For anything outside of Spring Cloud Stream application (here using from Apache Spark application), you need to use spring.cloud.stream.bindings.<channelName>.producer.headerMode=raw or spring.cloud.stream.bindings.<channelName>.consumer.headerMode=raw depending on whether you write or read to/from the Kafka topic.
@lsteigerwald What happens when you set this property?
Also, you can read this for some context on this.
But he's not using Spring or Spring Cloud Stream from what I understand...
@marcingrzejszczak What I meant was, reading the messages from Kafka topic that were not published by a Spring Cloud Stream application.
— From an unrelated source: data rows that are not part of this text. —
lemma periodic_bool_change:
  assumes g: "0 < g" and per: "\<And>i. b (i + g) = b i" and "b i" "\<not> b j"
  shows "\<exists>k<g. b k \<and> \<not> b (Suc k)"
proof (rule ccontr)
  assume no_change: "\<not> ?thesis"
  have step: "b (Suc k)" if "b k" for k
  proof -
    have "b (k mod g)" using that periodic_mod[of b, OF per] by simp
    then have "b (Suc (k mod g))" using no_change g by auto
    then have "b (Suc (k mod g) mod g)" using periodic_mod[of b, OF per] by simp
    then show ?thesis using periodic_mod[of b, OF per] by (simp add: mod_Suc_eq)
  qed
  have up: "b (i + m)" for m
    by (induction m) (use \<open>b i\<close> step in auto)
  have "i \<le> j + i * g" using g by (cases g) auto
  then have "b (j + i * g)" using up[of "j + i * g - i"] by simp
  moreover have "b (j + i * g) = b j"
    using periodic_mod[of b, OF per, of "j + i * g"] periodic_mod[of b, OF per, of j] by simp
  ultimately show False using \<open>\<not> b j\<close> by simp
qed

lemma sum_sgn_odd:
  fixes x :: "nat \<Rightarrow> real"
  assumes "odd g" "\<And>i. x i \<noteq> 0"
  shows "\<exists>m::int. odd m \<and> (\<Sum>i<g. sgn (x i)) = of_int m"
proof -
  have "\<exists>m::int. (odd m \<longleftrightarrow> odd k) \<and> (\<Sum>i<k. sgn (x i)) = of_int m" for k
  proof (induction k)
    case (Suc k)
    then obtain m :: int where "odd m \<longleftrightarrow> odd k" "(\<Sum>i<k. sgn (x i)) = of_int m" by blast
    moreover have "sgn (x k) = 1 \<or> sgn (x k) = -1" using assms(2)[of k] by (auto simp: sgn_if)
    ultimately show ?case
      by (elim disjE; intro exI[of _ "m + 1"] exI[of _ "m - 1"]) auto
  qed simp
  then show ?thesis using assms(1) by blast
qed

lemma periodic_sum_shift:
  fixes p :: "nat \<Rightarrow> 'a::comm_monoid_add"
  assumes "\<And>i. p (i + g) = p i"
  shows "(\<Sum>i<g. p (Suc i)) = (\<Sum>i<g. p i)"
proof (cases g)
  case (Suc n)
  have "(\<Sum>i<g. p (Suc i)) = (\<Sum>i<n. p (Suc i)) + p 0" using assms[of 0] Suc by simp
  also have "\<dots> = (\<Sum>i<g. p i)" unfolding Suc sum.lessThan_Suc_shift by (simp add: add.commute)
  finally show ?thesis .
qed simp

(* The term w i is charged to the two ends i and i + 1 of the i-th side, with F or B according
   to the label of the side. A vertex receives at most 2 h, and at most h when its two sides carry
   different labels; labels that are not constant change at two vertices at least. *)
lemma periodic_sum_le_vertex_charges:
  fixes lab :: "nat \<Rightarrow> bool" and F B w :: "nat \<Rightarrow> real"
  assumes g: "0 < g" and per: "\<And>i. lab (i + g) = lab i" "\<And>i. F (i + g) = F i" "\<And>i. B (i + g) = B i"
    and h: "\<And>i. F i \<le> h" "\<And>i. B i \<le> h" "\<And>i. F i + B i \<le> h"
    and w: "\<And>i. w i \<le> (if lab i then F i + F (Suc i) else B i + B (Suc i))"
  shows "(\<Sum>i<g. w i) \<le> 2 * real g * h"
    and "lab k \<Longrightarrow> \<not> lab l \<Longrightarrow> (\<Sum>i<g. w i) \<le> (2 * real g - 2) * h"
proof -
  define G where "G i c = (if c then F i else B i)" for i c
  define V where "V i = G (Suc i) (lab i) + G (Suc i) (lab (Suc i))" for i
  have "w i \<le> G i (lab i) + G (Suc i) (lab i)" for i
    using w[of i] by (simp add: G_def split: if_splits)
  then have "(\<Sum>i<g. w i) \<le> (\<Sum>i<g. G i (lab i)) + (\<Sum>i<g. G (Suc i) (lab i))"
    unfolding sum.distrib[symmetric] by (intro sum_mono)
  also have "(\<Sum>i<g. G i (lab i)) = (\<Sum>i<g. G (Suc i) (lab (Suc i)))"
    by (rule periodic_sum_shift[symmetric]) (simp add: G_def per)
  finally have sV: "(\<Sum>i<g. w i) \<le> (\<Sum>i<g. V i)" by (simp add: V_def sum.distrib add.commute)
  have V2: "V i \<le> 2 * h" for i using h[of "Suc i"] by (auto simp: V_def G_def)
  have V1: "V i \<le> h" if "lab i \<noteq> lab (Suc i)" for i
    using h(3)[of "Suc i"] that by (auto simp: V_def G_def add.commute)
  have "(\<Sum>i<g. V i) \<le> (\<Sum>i<g. 2 * h)" by (intro sum_mono V2)
  then show "(\<Sum>i<g. w i) \<le> 2 * real g * h" using sV by simp
  assume "lab k" "\<not> lab l"
  obtain k1 where k1: "k1 < g" "lab k1" "\<not> lab (Suc k1)"
    using periodic_bool_change[OF g per(1) \<open>lab k\<close> \<open>\<not> lab l\<close>] by blast
  obtain k2 where k2: "k2 < g" "\<not> lab k2" "lab (Suc k2)"
    using periodic_bool_change[of g "\<lambda>i. \<not> lab i" l k] g per(1) \<open>lab k\<close> \<open>\<not> lab l\<close> by auto
  define c where "c i = (if i = k1 then h else 0) + (if i = k2 then h else 0)" for i
  have "V i \<le> 2 * h - c i" for i
    using V1[of i] V2[of i] k1 k2 by (auto simp: c_def)
  then have "(\<Sum>i<g. V i) \<le> (\<Sum>i<g. 2 * h - c i)" by (intro sum_mono)
  also have "\<dots> = 2 * real g * h - 2 * h"
    using k1 k2 by (auto simp: c_def sum_subtractf sum.distrib)
  finally show "(\<Sum>i<g. w i) \<le> (2 * real g - 2) * h" using sV by (simp add: algebra_simps)
qed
I saw you mentioned:
We're setting in Sleuth the spring.cloud.stream.bindings.sleuth.content-type=application/json
and this made me think that the Spring Cloud Stream application is trying to read the messages from the Kafka topic (using the SCSt Kafka binder) but the messages were originally published by the non-Spring Cloud Stream application. So, in this case we need to set spring.cloud.stream.bindings.sleuth.consumer.headerMode=raw I believe.
@ilayaperumalg It's the other way around. The application publishes messages via SCSt and one recipient is a Spark application. It can be tried, but I'm not sure that the Zipkin Stream server (which is the primary recipient of the spans) will be able to read the raw message, without the application/json header embedded, as it relies on the @StreamListener conversion.
Seems like we are not supporting this use case (simultaneously publishing to a Stream and non-Stream app) very well right now. As a workaround, the Spark app can manually extract the payload using something similar to https://github.com/spring-cloud/spring-cloud-stream/blob/master/spring-cloud-stream/src/main/java/org/springframework/cloud/stream/binder/EmbeddedHeaderUtils.java#L118.
Starting with Kafka 0.11 this will go away, as header support will eliminate embedding.
Thank you all for your help. I have now found a working solution for me to extract the Spans from Kafka.
Just one minor thing. I tried to use the ConvertToZipkinSpanList class to get a zipkin-span from the sleuth span, like @adriancole suggested earlier. However I seem not to be able to import that class by adding the spring-cloud-sleuth-zipkin-stream dependency to my pom. Is that intentional behaviour or have I messed up my configuration and it should be known once the the mentioned dependency is included?
Yeah that's intentional. As you can see the class is final and packaged scoped.